Wang Jingyi
School of Mass-communication and Advertising, Tongmyong University, Busan, Republic of Korea.
Front Neurosci. 2024 Aug 7;18:1449527. doi: 10.3389/fnins.2024.1449527. eCollection 2024.
Facial expression recognition (FER) plays a crucial role in affective computing, enhancing human-computer interaction by enabling machines to understand and respond to human emotions. Despite advancements in deep learning, current FER systems often struggle with challenges such as occlusions, head pose variations, and motion blur in natural environments. These challenges highlight the need for more robust FER solutions. To address these issues, we propose the Attention-Enhanced Multi-Layer Transformer (AEMT) model, which integrates a dual-branch Convolutional Neural Network (CNN), an Attentional Selective Fusion (ASF) module, and a Multi-Layer Transformer Encoder (MTE) with transfer learning. The dual-branch CNN captures detailed texture and color information by processing RGB and Local Binary Pattern (LBP) features separately. The ASF module selectively enhances relevant features by applying global and local attention mechanisms to the extracted features. The MTE captures long-range dependencies and models the complex relationships between features, collectively improving feature representation and classification accuracy. Our model was evaluated on the RAF-DB and AffectNet datasets. Experimental results demonstrate that the AEMT model achieved an accuracy of 81.45% on RAF-DB and 71.23% on AffectNet, significantly outperforming existing state-of-the-art methods. These results indicate that our model effectively addresses the challenges of FER in natural environments, providing a more robust and accurate solution. The AEMT model significantly advances the field of FER by improving the robustness and accuracy of emotion recognition in complex real-world scenarios. This work not only enhances the capabilities of affective computing systems but also opens new avenues for future research in improving model efficiency and expanding multimodal data integration.

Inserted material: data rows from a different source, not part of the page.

lemma dinf_le: "(\<And>j. dist (x j) (y j) \<le> B) \<Longrightarrow> dinf x y \<le> B"
  unfolding dinf_def by (rule cSUP_least) auto

lemma dinf_commute: "dinf x y = dinf y x"
  unfolding dinf_def by (simp add: dist_commute)

lemma dinf_triangle:
  assumes "x \<in> linf" "y \<in> linf" "z \<in> linf"
  shows "dinf x z \<le> dinf x y + dinf y z"
proof (rule dinf_le)
  fix j
  have "dist (x j) (z j) \<le> dist (x j) (y j) + dist (y j) (z j)" by (rule dist_triangle)
  also have "\<dots> \<le> dinf x y + dinf y z" using assms by (intro add_mono dinf_ge) auto
  finally show "dist (x j) (z j) \<le> dinf x y + dinf y z" .
qed

lemma funpow_linf: "maps_linf S \<Longrightarrow> x \<in> linf \<Longrightarrow> (S ^^ n) x \<in> linf"
  by (induction n) (auto simp: maps_linf_def)

lemma funpow_nonexpansive:
  assumes "maps_linf T" "\<forall>x\<in>linf. \<forall>y\<in>linf. dinf (T x) (T y) \<le> dinf x y"
    and "x \<in> linf" "y \<in> linf"
  shows "dinf ((T ^^ m) x) ((T ^^ m) y) \<le> dinf x y"
proof (induction m)
  case (Suc m)
  have "dinf ((T ^^ Suc m) x) ((T ^^ Suc m) y) \<le> dinf ((T ^^ m) x) ((T ^^ m) y)"
    using assms funpow_linf[OF assms(1)] by simp
  then show ?case using Suc by linarith
qed simp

面部表情识别(FER)在情感计算中起着至关重要的作用,它通过使机器能够理解和响应人类情感来增强人机交互。尽管深度学习取得了进展,但当前的FER系统在自然环境中常常面临诸如遮挡、头部姿势变化和运动模糊等挑战。这些挑战凸显了对更强大的FER解决方案的需求。为了解决这些问题,我们提出了注意力增强多层Transformer(AEMT)模型,该模型集成了双分支卷积神经网络(CNN)、注意力选择性融合(ASF)模块和具有迁移学习的多层Transformer编码器(MTE)。双分支CNN通过分别处理RGB和局部二值模式(LBP)特征来捕获详细的纹理和颜色信息。ASF模块通过对提取的特征应用全局和局部注意力机制来选择性地增强相关特征。MTE捕获长距离依赖性并对特征之间的复杂关系进行建模,共同提高特征表示和分类准确率。我们的模型在RAF-DB和AffectNet数据集上进行了评估。实验结果表明,AEMT模型在RAF-DB上的准确率达到81.45%,在AffectNet上的准确率达到71.23%,显著优于现有的最先进方法。这些结果表明,我们的模型有效地解决了自然环境中FER的挑战,提供了一种更强大、更准确的解决方案。AEMT模型通过提高复杂现实场景中情感识别的鲁棒性和准确性,显著推动了FER领域的发展。这项工作不仅增强了情感计算系统的能力,还为未来提高模型效率和扩展多模态数据集成的研究开辟了新途径。